Are you excited to be sharing performances alongside the likes of Lewis Capaldi and Texas at the ceremony?
It’s quality aye, feels mad to see my name alongside acts like that. All of those people are me but just a few years ahead, and the next guys that come up can be like ‘I’ve just played alongside Luke La Volpe’, you know.
Is there more new music currently in the works?
Yeah, I’ve got a new single coming out on the 27th called “Stand Up” to coincide with the Scottish Music Award nomination. I wrote it a few months ago and it’s a message to musicians, and everybody really, that it’s time to stand up, don’t listen to these politicians that are telling you to re-train into different jobs because they’ve not got a fucking clue what they’re talking about. Then next year, I’ll be looking to get some songs together for an album hopefully – and some gigs. I’m itching to get oot this hoose.
Do you have any advice for young artists looking to break into the music industry today?

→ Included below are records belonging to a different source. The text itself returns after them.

definition embed_block :: "(nat \<Rightarrow> nat) \<Rightarrow> nat \<Rightarrow> real vec \<Rightarrow> nat \<Rightarrow> real" where
  "embed_block l p u j = (if grp l j = p then u $ (j - off l p) else 0)"

lemma blk_mult_vec_index:
  assumes l_sum: "(\<Sum>h<N. l h) = n" and p: "p < N" and i: "i < n" and u: "u \<in> carrier_vec (l p)"
  shows "(blk l Q (grp l i) p *\<^sub>v u) $ (i - off l (grp l i))
    = (\<Sum>j<n. Q $$ (i, j) * embed_block l p u j)"
proof -
  have r: "i - off l (grp l i) < l (grp l i)"
    and i_eq: "off l (grp l i) + (i - off l (grp l i)) = i"
    using grp_bounds[OF l_sum i] by linarith+
  have "(blk l Q (grp l i) p *\<^sub>v u) $ (i - off l (grp l i))
      = (\<Sum>c<l p. Q $$ (i, off l p + c) * u $ c)"
    using r i_eq mult_mat_vec_index_sum[OF blk_carrier[of l Q "grp l i" p] u r]
    by (simp add: blk_index)
  also have "\<dots> = (\<Sum>j\<in>{off l p..<off l p + l p}. Q $$ (i, j) * u $ (j - off l p))"
    using sum.shift_bounds_nat_ivl[of "\<lambda>j. Q $$ (i, j) * u $ (j - off l p)" 0 "off l p" "l p"]
    by (simp add: atLeast0LessThan add.commute)
  also have "\<dots> = (\<Sum>j | j < n \<and> grp l j = p. Q $$ (i, j) * u $ (j - off l p))"
    by (simp only: grp_preimage[OF l_sum p])
  also have "\<dots> = (\<Sum>j<n. if grp l j = p then Q $$ (i, j) * u $ (j - off l p) else 0)"
    by (simp add: sum.If_cases Int_def lessThan_def conj_commute)
  also have "\<dots> = (\<Sum>j<n. Q $$ (i, j) * embed_block l p u j)"
    by (intro sum.cong) (simp_all add: embed_block_def)
  finally show ?thesis .
qed

definition block_solve :: "(nat \<Rightarrow> nat) \<Rightarrow> real mat \<Rightarrow> nat \<Rightarrow> real vec \<Rightarrow> real vec" where
  "block_solve l Q p z = the (mat_inverse (1\<^sub>m (l p) - blk l Q p p)) *\<^sub>v z"

lemma incr_block_solve: "incr l Q h p z = blk l Q h p *\<^sub>v block_solve l Q p z"
  by (simp only: incr_def block_solve_def)

lemma incr_carrier: "incr l Q h p z \<in> carrier_vec (l h)"
  unfolding incr_block_solve
  by (rule carrier_vecI, subst dim_mult_mat_vec, rule carrier_matD(1)[OF blk_carrier])

context
  fixes Q :: "real mat" and l :: "nat \<Rightarrow> nat" and n N :: nat and c :: real
  assumes Q_nonneg: "\<And>i j. i < n \<Longrightarrow> j < n \<Longrightarrow> 0 \<le> Q $$ (i, j)"
    and Q_colsum: "\<And>j. j < n \<Longrightarrow> (\<Sum>i<n. Q $$ (i, j)) \<le> c" and c: "c < 1"
    and l_sum: "(\<Sum>h<N. l h) = n"
begin

lemma blk_diag_inverse:
  assumes p: "p < N"
  shows "the (mat_inverse (1\<^sub>m (l p) - blk l Q p p)) \<in> carrier_mat (l p) (l p)"
    and "(1\<^sub>m (l p) - blk l Q p p) * the (mat_inverse (1\<^sub>m (l p) - blk l Q p p)) = 1\<^sub>m (l p)"
proof -
  have "\<exists>M. mat_inverse (1\<^sub>m (l p) - blk l Q p p) = Some M \<and> M \<in> carrier_mat (l p) (l p) \<and>
      (1\<^sub>m (l p) - blk l Q p p) * M = 1\<^sub>m (l p)"
  proof (rule mat_inverse_one_minus_substochastic[OF blk_carrier _ _ c])
    show "0 \<le> blk l Q p p $$ (r, j)" if "r < l p" "j < l p" for r j
      using that off_add_le[OF l_sum p] by (simp add: blk_index Q_nonneg)
    show "(\<Sum>r<l p. blk l Q p p $$ (r, j)) \<le> c" if j: "j < l p" for j
    proof -
      have "(\<Sum>r<l p. blk l Q p p $$ (r, j)) = (\<Sum>i\<in>(+) (off l p) ` {..<l p}. Q $$ (i, off l p + j))"
        using j by (simp add: sum.reindex blk_index)
      also have "\<dots> \<le> (\<Sum>i<n. Q $$ (i, off l p + j))"
        using off_add_le[OF l_sum p] Q_nonneg j by (intro sum_mono2) auto
      also have "\<dots> \<le> c"
        using off_add_le[OF l_sum p] j by (intro Q_colsum) simp
      finally show ?thesis .
    qed
  qed
  then show "the (mat_inverse (1\<^sub>m (l p) - blk l Q p p)) \<in> carrier_mat (l p) (l p)"
    and "(1\<^sub>m (l p) - blk l Q p p) * the (mat_inverse (1\<^sub>m (l p) - blk l Q p p)) = 1\<^sub>m (l p)"
    by auto
qed

lemma block_solve_carrier:
  "p < N \<Longrightarrow> z \<in> carrier_vec (l p) \<Longrightarrow> block_solve l Q p z \<in> carrier_vec (l p)"
  unfolding block_solve_def by (rule mult_mat_vec_carrier[OF blk_diag_inverse(1)])

lemma incr_index:
  assumes "p < N" and "z \<in> carrier_vec (l p)" and "i < n"
  shows "incr l Q (grp l i) p z $ (i - off l (grp l i))
    = (\<Sum>j<n. Q $$ (i, j) * embed_block l p (block_solve l Q p z) j)"
  unfolding incr_block_solve using assms by (intro blk_mult_vec_index[OF l_sum] block_solve_carrier)

lemma embed_block_solve:
  assumes p: "p < N" and z: "z \<in> carrier_vec (l p)" and i: "i < n" and grp_i: "grp l i = p"
  shows "embed_block l p (block_solve l Q p z) i
    = z $ (i - off l p) + (\<Sum>j<n. Q $$ (i, j) * embed_block l p (block_solve l Q p z) j)"
proof -
  let ?w = "block_solve l Q p z" and ?r = "i - off l p"
  have r: "?r < l p"
    using grp_bounds[OF l_sum i] grp_i by simp
  have "?w = z + blk l Q p p *\<^sub>v ?w"
    unfolding block_solve_def by (rule inverse_fixpoint[OF blk_carrier blk_diag_inverse[OF p] z])
  then have "?w $ ?r = z $ ?r + (blk l Q p p *\<^sub>v ?w) $ ?r"
    using r by (metis index_add_vec(1) dim_mult_mat_vec dim_blk(1))
  also have "(blk l Q p p *\<^sub>v ?w) $ ?r = (\<Sum>j<n. Q $$ (i, j) * embed_block l p ?w j)"
    using incr_index[OF p z i] grp_i by (simp add: incr_block_solve)
  finally show ?thesis
    using grp_i by (simp add: embed_block_def)
qed

end

lemma alg_Suc:
  "fst (alg n m l Q \<psi> (Suc k)) h
    = fst (alg n m l Q \<psi> k) h + incr l Q h (\<psi> k) (snd (alg n m l Q \<psi> k) (\<psi> k))"
  "snd (alg n m l Q \<psi> (Suc k)) h = (if h = \<psi> k then 0\<^sub>v (l h)
     else snd (alg n m l Q \<psi> k) h + incr l Q h (\<psi> k) (snd (alg n m l Q \<psi> k) (\<psi> k)))"
  by (simp_all add: Let_def case_prod_beta)

lemma alg_carrier:
  "fst (alg n m l Q \<psi> k) h \<in> carrier_vec (l h)" "snd (alg n m l Q \<psi> k) h \<in> carrier_vec (l h)"
  by (induction k arbitrary: h) (simp_all add: alg_Suc incr_carrier del: alg.simps(2))

lemma stack_index: "i < n \<Longrightarrow> stack n l X $ i = X (grp l i) $ (i - off l (grp l i))"
  by (simp add: stack_def)
lemma sum_surv_last:
  assumes "n \<ge> 1"
  shows "(\<Sum>i<N. surv_last n i * g i) = (\<Sum>w\<in>{w\<in>words n. avoids w}. word_wt p P w * g (last w))"
proof -
  let ?S = "{w\<in>words n. avoids w}"
  have "last w \<in> {..<N}" if "w \<in> ?S" for w
  proof -
    have "w \<noteq> []" "set w \<subseteq> {..<N}" using that assms by (auto simp: words_def)
    then show ?thesis using last_in_set by blast
  qed
  then have "(\<Sum>w\<in>?S. word_wt p P w * g (last w))
      = (\<Sum>i<N. \<Sum>w\<in>{w\<in>?S. last w = i}. word_wt p P w * g (last w))"
    by (intro sum.group[symmetric]) auto
  also have "\<dots> = (\<Sum>i<N. surv_last n i * g i)"
    unfolding surv_last_def sum_distrib_right by (intro sum.cong refl) auto
  finally show ?thesis by simp
qed

lemma surv_eq_sum_surv_last: "n \<ge> 1 \<Longrightarrow> surv n = (\<Sum>j<N. surv_last n j)"
  using sum_surv_last[where g = "\<lambda>_. 1"] by (simp add: surv_def)

lemma surv_last_le_surv: "n \<ge> 1 \<Longrightarrow> j < N \<Longrightarrow> surv_last n j \<le> surv n"
  using surv_eq_sum_surv_last[of n] surv_last_nonneg
  by (metis finite_lessThan lessThan_iff member_le_sum)

lemma snoc_image_avoids:
  assumes "j < N"
  shows "(\<lambda>w. w @ [j]) ` {w\<in>words n. avoids w} = {w\<in>words (Suc n). avoids (butlast w) \<and> last w = j}"
proof (intro equalityI subsetI)
  fix w assume w: "w \<in> {w\<in>words (Suc n). avoids (butlast w) \<and> last w = j}"
  then have "w \<noteq> []" by (auto simp: words_def)
  with w have "w = butlast w @ [j]" by (simp add: snoc_eq_iff_butlast eq_commute[of w])
  moreover have "butlast w \<in> {w\<in>words n. avoids w}"
    using w by (auto simp: words_def dest: in_set_butlastD)
  ultimately show "w \<in> (\<lambda>w. w @ [j]) ` {w\<in>words n. avoids w}" by (rule image_eqI)
qed (use assms in \<open>auto simp: words_def\<close>)

lemma first_hits_last: "w \<in> first_hits n \<Longrightarrow> last w = last u"
  unfolding first_hits_def words_def using occurs_at_end_last by fastforce

lemma avoids_butlast_split:
  "{w\<in>words n. avoids (butlast w) \<and> last w = j}
     = {w\<in>words n. avoids w \<and> last w = j} \<union> {w\<in>first_hits n. last w = j}"
proof -
  have "occurs_at w (n - r)" if "w \<in> words n" "avoids (butlast w)" "\<not> avoids w" for w
    using occurs_at_end_if_not_avoids[OF that(2,3)] that(1) by (simp add: words_def)
  then show ?thesis unfolding first_hits_def using avoids_butlast by blast
qed

text \<open>The first renewal equation: appending a letter to a word avoiding \<open>u\<close> either keeps
  it avoiding or completes a first occurrence of \<open>u\<close>.\<close>

lemma surv_last_rec:
  assumes n: "n \<ge> 1" and j: "j < N"
  shows "(\<Sum>i<N. surv_last n i * P $$ (i,j))
       = surv_last (Suc n) j + (if j = last u then first_hit (Suc n) else 0)"
proof -
  let ?S = "{w\<in>words n. avoids w}"
  have "(\<Sum>i<N. surv_last n i * P $$ (i,j)) = (\<Sum>w\<in>?S. word_wt p P (w @ [j]))"
    unfolding sum_surv_last[OF n]
    by (intro sum.cong refl) (use n in \<open>auto simp: words_def word_wt_snoc Suc_le_eq\<close>)
  also have "\<dots> = (\<Sum>w\<in>(\<lambda>w. w @ [j]) ` ?S. word_wt p P w)"
    by (simp add: sum.reindex inj_on_def)
  also have "\<dots> = (\<Sum>w\<in>{w\<in>words (Suc n). avoids w \<and> last w = j}. word_wt p P w)
      + (\<Sum>w\<in>{w\<in>first_hits (Suc n). last w = j}. word_wt p P w)"
    unfolding snoc_image_avoids[OF j] avoids_butlast_split
    by (rule sum.union_disjoint) (auto simp: first_hits_def avoids_def)
  also have "{w\<in>first_hits (Suc n). last w = j} = (if j = last u then first_hits (Suc n) else {})"
    using first_hits_last by auto
  finally show ?thesis unfolding surv_last_def first_hit_def by simp
qed

lemma surv_Suc: "n \<ge> 1 \<Longrightarrow> surv (Suc n) = surv n - first_hit (Suc n)"
proof -
  assume n: "n \<ge> 1"
  have "surv n = (\<Sum>i<N. surv_last n i * (\<Sum>j<N. P $$ (i,j)))"
    using surv_eq_sum_surv_last[OF n] P_rowsum by simp
  also have "\<dots> = (\<Sum>j<N. \<Sum>i<N. surv_last n i * P $$ (i,j))"
    by (subst sum.swap) (simp add: sum_distrib_left)
  also have "\<dots> = (\<Sum>j<N. surv_last (Suc n) j + (if j = last u then first_hit (Suc n) else 0))"
    using surv_last_rec[OF n] by simp
  also have "\<dots> = surv (Suc n) + first_hit (Suc n)"
    using surv_eq_sum_surv_last[of "Suc n"] last_u_less by (simp add: sum.distrib)
  finally show ?thesis by simp
qed

lemma surv_last_1: "j < N \<Longrightarrow> surv_last 1 j = p j"
proof -
  assume j: "j < N"
  have "{w\<in>words 1. avoids w \<and> last w = j} = {[j]}"
    using j r_ge2 by (auto simp: words_def avoids_short length_Suc_conv)
  then show ?thesis unfolding surv_last_def by (simp add: word_wt_def)
qed

lemma surv_1: "surv 1 = 1"
  using surv_eq_sum_surv_last[of 1] surv_last_1 p_sum by simp

lemma surv_le_1: "n \<ge> 1 \<Longrightarrow> surv n \<le> 1"
proof (induction n rule: nat_induct_at_least)
  case base then show ?case using surv_1 by simp
next
  case (Suc n) then show ?case using surv_Suc[of n] first_hit_nonneg[of "Suc n"] by simp
qed

lemma surv_antimono:
  assumes "1 \<le> m" and "m \<le> n"
  shows "surv n \<le> surv m"
  using assms(2)
proof (induction n rule: dec_induct)
  case (step n)
  then show ?case using surv_Suc[of n] first_hit_nonneg[of "Suc n"] assms(1) by simp
qed simp

lemma first_hit_le_surv: "n \<ge> 1 \<Longrightarrow> first_hit (Suc n) \<le> surv n"
  using surv_Suc[of n] surv_nonneg[of "Suc n"] by simp

lemma first_hit_short: "n < r \<Longrightarrow> first_hit n = 0"
proof -
  assume "n < r"
  then have "first_hits n = {}" unfolding first_hits_def occurs_at_def words_def by auto
  then show ?thesis unfolding first_hit_def by simp
qed

lemma first_hit_r: "first_hit r = p (hd u) * delta_u"
proof -
  have "first_hits r = {u}"
    using u_states r_ge2 by (auto simp: first_hits_def occurs_at_def words_def intro!: avoids_short)
  moreover have "word_wt p P u = p (hd u) * delta_u"
    using r_ge2 word_delta_eq_path_wt[of u P] by (cases u) (auto simp: word_wt_def)
  ultimately show ?thesis unfolding first_hit_def by simp
qed

lemma word_wt_append_u:
  assumes "w \<noteq> []"
  shows "word_wt p P (w @ u) = word_wt p P w * P $$ (last w, hd u) * delta_u"
proof -
  have "path_wt P (last w) u = P $$ (last w, hd u) * delta_u"
    using r_ge2 word_delta_eq_path_wt[of u P] by (cases u) auto
  then show ?thesis using word_wt_append[OF assms] by simp
qed

lemma word_wt_append_u_split:
  assumes k: "k \<in> {1..r}"
  shows "word_wt p P (w @ u) = word_wt p P (w @ take k u) * autocorr_delta P u (r - k)"
proof -
  have "take k u \<noteq> []" using k r_ge2 by auto
  then have "last (w @ take k u) = last (take k u)" by simp
  also have "\<dots> = u ! (k - 1)" using k \<open>take k u \<noteq> []\<close> by (auto simp: last_conv_nth min_def)
  finally have "last (w @ take k u) = u ! (k - 1)" .
  moreover have "path_wt P (u ! (k - 1)) (drop k u) = autocorr_delta P u (r - k)"
    using autocorr_delta_eq_path_wt[of k] k by simp
  ultimately show ?thesis
    using word_wt_append[where w = "w @ take k u" and v = "drop k u"] \<open>take k u \<noteq> []\<close> by simp
qed

text \<open>Split the avoiding words \<open>w\<close> by where \<open>u\<close> first occurs in \<open>w @ u\<close>: if it
  ends \<open>k\<close> letters into the appended copy, then \<open>r - k\<close> is a period of \<open>u\<close> and
  \<open>w @ take k u\<close> is a word that hits \<open>u\<close> for the first time at length \<open>n + k\<close>.\<close>

lemma sum_append_u_first_occ:
  assumes k: "k \<in> {1..r}"
  shows "(\<Sum>w\<in>{w\<in>words n. avoids w \<and> first_occ w + r = n + k}. word_wt p P (w @ u))
       = (if autocorr_c u (r - k) then autocorr_delta P u (r - k) * first_hit (n + k) else 0)"
proof (cases "autocorr_c u (r - k)")
  case False
  have "autocorr_c u (r - k)" if w: "w \<in> words n" "avoids w" "first_occ w + r = n + k" for w
  proof -
    have "length w - first_occ w = r - k"
      using first_occ(2)[OF w(2)] w(3) w(1) unfolding words_def by simp
    then show ?thesis using autocorr_c_if_occurs_at_append[OF first_occ(1,2)[OF w(2)]] by simp
  qed
  with False have "{w\<in>words n. avoids w \<and> first_occ w + r = n + k} = {}" by blast
  with False show ?thesis by (simp only: sum.empty if_False)
next
  case True
  have "(\<Sum>w\<in>{w\<in>words n. avoids w \<and> first_occ w + r = n + k}. word_wt p P (w @ u))
      = (\<Sum>v\<in>first_hits (n + k). autocorr_delta P u (r - k) * word_wt p P v)"
  proof (rule sum.reindex_bij_witness[where i = "take n" and j = "\<lambda>w. w @ take k u"])
    fix w assume "w \<in> {w\<in>words n. avoids w \<and> first_occ w + r = n + k}"
    then have len: "length w = n" and av: "avoids w" and ws: "set w \<subseteq> {..<N}"
      and fo: "first_occ w + r = length w + k" unfolding words_def by auto
    show "take n (w @ take k u) = w" using len by simp
    have "first_occ w = n + k - r" using fo len by simp
    then show "w @ take k u \<in> first_hits (n + k)"
      using first_hit_append_take[OF av fo] len k ws u_states
      by (auto simp: first_hits_def words_def dest: in_set_takeD)
    show "autocorr_delta P u (r - k) * word_wt p P (w @ take k u) = word_wt p P (w @ u)"
      using word_wt_append_u_split[OF k] by simp
  next
    fix v assume "v \<in> first_hits (n + k)"
    then have len: "length v = n + k" and av: "avoids (butlast v)"
      and occ: "occurs_at v (length v - r)" and vs: "set v \<subseteq> {..<N}"
      unfolding first_hits_def words_def by auto
    note split = first_occ_take[OF av occ, of n] 
    show "take n v @ take k u = v" using split(1) len k True by simp
    show "take n v \<in> {w\<in>words n. avoids w \<and> first_occ w + r = n + k}"
      using split(2,3) len k True vs occ
      by (auto simp: words_def occurs_at_def dest: in_set_takeD)
  qed
  also have "\<dots> = autocorr_delta P u (r - k) * first_hit (n + k)"
    unfolding first_hit_def by (simp add: sum_distrib_left)
  finally show ?thesis using True by simp
qed
theorem mainTheorem3:
  fixes f :: "real^'n \<Rightarrow> real" and g :: "real^'n \<Rightarrow> real^'n"
    and H :: "real^'n \<Rightarrow> real^'n^'n"
    and \<mu> L M :: real and x xp :: "real^'n" and B :: "real^'n^'n" and U :: "real^'k^'n"
  assumes grad: "\<And>y. (f has_derivative (\<lambda>h. g y \<bullet> h)) (at y)"
    and hess: "\<And>y. (g has_derivative (\<lambda>h. H y *v h)) (at y)"
    and Hsym: "\<And>y. symmetric_mat (H y)"
    and mu_pos: "0 < \<mu>"
    and lower: "\<And>y. loewner_le (\<mu> *\<^sub>R mat 1) (H y)"
    and upper: "\<And>y. loewner_le (H y) (L *\<^sub>R mat 1)"
    and ssc: "strongly_self_concordant M H"
    and kd: "CARD('k) < CARD('n)"
    and Bsym: "symmetric_mat B"
    and BH: "loewner_le (H x) B"
    and U: "is_Ek (((1 + M * mnorm (xp - x) (H x) / 2)\<^sup>2 *\<^sub>R B) - H xp) U"
  shows "loewner_le (H xp) (sr_k ((1 + M * mnorm (xp - x) (H x) / 2)\<^sup>2 *\<^sub>R B) (H xp) U)
    \<and> trace (sr_k ((1 + M * mnorm (xp - x) (H x) / 2)\<^sup>2 *\<^sub>R B) (H xp) U - H xp) / trace (H xp)
      \<le> (1 - real CARD('k) / real CARD('n)) * (1 + M * mnorm (xp - x) (H x) / 2) ^ 4
         * (trace (B - H x) / trace (H x) + 2 * M * mnorm (xp - x) (H x))"
proof -
  let ?P = "(1 + M * mnorm (xp - x) (H x) / 2)\<^sup>2 *\<^sub>R B"
  define q where "q = 1 - real CARD('k) / real CARD('n)"
  have "loewner_le 0 (H x)"
    using loewner_le_0_scaleR_mat1 lower mu_pos loewner_le_trans by (metis less_imp_le)
  hence HP: "loewner_le (H xp) ?P"
    using strongly_self_concordant_hessian_le_scaled[OF ssc _ BH] by blast
  have sym: "transpose ?P = ?P" "transpose (H xp) = H xp"
    using Bsym Hsym by (simp_all add: symmetric_mat_def transpose_scalar)
  have tx: "0 < trace (H x)" and txp: "0 < trace (H xp)"
    using trace_pos_loewner[OF mu_pos lower] by blast+
  have "trace (sr_k ?P (H xp) U - H xp) / trace (H xp) \<le> q * (trace (?P - H xp) / trace (H xp))"
    using divide_right_mono[OF trace_sr_k_le[OF sym HP U]] txp unfolding q_def by simp
  also have "\<dots> \<le> q * ((1 + M * mnorm (xp - x) (H x) / 2) ^ 4
      * (trace (B - H x) / trace (H x) + 2 * M * mnorm (xp - x) (H x)))"
    using strongly_self_concordant_trace_ratio_le[OF ssc BH tx txp] kd unfolding q_def
    by (intro mult_left_mono) simp_all
  finally show ?thesis
    using loewner_le_sr_k[OF sym HP] unfolding q_def by (simp add: mult.assoc)
qed
lemma dual_norm_sq_has_gradient:
  obtains g where "((\<lambda>y. (dual_norm M y)\<^sup>2) has_derivative (\<lambda>h. g \<bullet> h)) (at x)"
    and "M g = 2 * dual_norm M x"
proof
  show "((\<lambda>y. (dual_norm M y)\<^sup>2) has_derivative
      (\<lambda>h. ((2 * dual_norm M x) *\<^sub>R dual_direction M x) \<bullet> h)) (at x)"
    by (intro has_derivative_continuous_subgradient dual_norm_sq_subgradient
        isCont_dual_norm_sq_gradient)
  show "M ((2 * dual_norm M x) *\<^sub>R dual_direction M x) = 2 * dual_norm M x"
    by (simp add: minkowski_scaleR dual_direction_mem dual_norm_nonneg)
qed

end

theorem lemma2p5:
  fixes \<Phi> :: "real^'m \<Rightarrow> real" and \<Psi> :: "real^'k \<Rightarrow> real"
    and \<epsilon> :: real and z :: "real^'m" and \<sigma> :: "real^'k"
    and K :: "real^'m \<Rightarrow> real^'k \<Rightarrow> real"
  assumes "minkowski_norm \<Phi>" and "minkowski_norm \<Psi>" and "\<epsilon> > 0"
    and K_def: "\<And>w s. K w s = (\<epsilon>\<^sup>2 + (dual_norm \<Phi> w)\<^sup>2)\<^sup>2 + 16 * (dual_norm \<Psi> s)\<^sup>2"
  shows "\<exists>gz gs. ((\<lambda>w. K w \<sigma>) has_derivative (\<lambda>h. gz \<bullet> h)) (at z) \<and>
                ((\<lambda>s. K z s) has_derivative (\<lambda>h. gs \<bullet> h)) (at \<sigma>) \<and>
                (\<Phi> gz)\<^sup>2 + (dual_norm \<Phi> z)\<^sup>2 / 4 * (\<Psi> gs)\<^sup>2
                  = 16 * (dual_norm \<Phi> z)\<^sup>2 * K z \<sigma>"
proof -
  define a where "a = dual_norm \<Phi> z"
  define b where "b = dual_norm \<Psi> \<sigma>"
  obtain g\<Phi> where g\<Phi>: "((\<lambda>w. (dual_norm \<Phi> w)\<^sup>2) has_derivative (\<lambda>h. g\<Phi> \<bullet> h)) (at z)"
    and "\<Phi> g\<Phi> = 2 * a"
    using dual_norm_sq_has_gradient[OF assms(1)] unfolding a_def by blast
  obtain g\<Psi> where g\<Psi>: "((\<lambda>s. (dual_norm \<Psi> s)\<^sup>2) has_derivative (\<lambda>h. g\<Psi> \<bullet> h)) (at \<sigma>)"
    and "\<Psi> g\<Psi> = 2 * b"
    using dual_norm_sq_has_gradient[OF assms(2)] unfolding b_def by blast
  let ?gz = "(2 * (\<epsilon>\<^sup>2 + a\<^sup>2)) *\<^sub>R g\<Phi>" and ?gs = "16 *\<^sub>R g\<Psi>"
  have "((\<lambda>w. \<epsilon>\<^sup>2 + (dual_norm \<Phi> w)\<^sup>2) has_derivative (\<lambda>h. g\<Phi> \<bullet> h)) (at z)"
    using has_derivative_add[OF has_derivative_const g\<Phi>] by simp
  from has_derivative_add[OF has_derivative_power[OF this, of 2] has_derivative_const]
  have "((\<lambda>w. K w \<sigma>) has_derivative (\<lambda>h. ?gz \<bullet> h)) (at z)"
    by (simp add: K_def a_def algebra_simps)
  moreover have "((\<lambda>s. K z s) has_derivative (\<lambda>h. ?gs \<bullet> h)) (at \<sigma>)"
    using has_derivative_add[OF has_derivative_const has_derivative_mult_right[OF g\<Psi>, of 16]]
    by (simp add: K_def)
  moreover have "\<Phi> ?gz = 4 * (\<epsilon>\<^sup>2 + a\<^sup>2) * a" and "\<Psi> ?gs = 32 * b"
    using \<open>\<Phi> g\<Phi> = 2 * a\<close> \<open>\<Psi> g\<Psi> = 2 * b\<close>
    by (simp_all add: minkowski_scaleR[OF assms(1)] minkowski_scaleR[OF assms(2)])
  moreover have "K z \<sigma> = (\<epsilon>\<^sup>2 + a\<^sup>2)\<^sup>2 + 16 * b\<^sup>2" by (simp add: K_def a_def b_def)
  ultimately show ?thesis
    unfolding a_def[symmetric] by (intro exI[of _ ?gz] exI[of _ ?gs]) (simp add: power2_eq_square algebra_simps)
qed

I know it sounds a bit cheesy but when it feels like you’re at your worst or lowest point, just keep plowing forward. There have been times where I’ve felt like that; I’ve nearly moved to Australia, I’ve nearly got a ‘normal’ job and I thought, ‘nah, this isn’t for me’. So, with the music, I’ve just kept doing it and doing it and finally, something’s broke. If you keep chappin’ enough doors, somebody’s bound to answer one.
What does 2021 hold for Luke La Volpe?
I’m looking to keep adding to what I’ve already built. If I’ve managed to win this award and bring out music that I’ve recorded in my bedroom during lockdown, then I’m gonna be an absolute animal when the lockdown’s lifted and I could do what I want to do.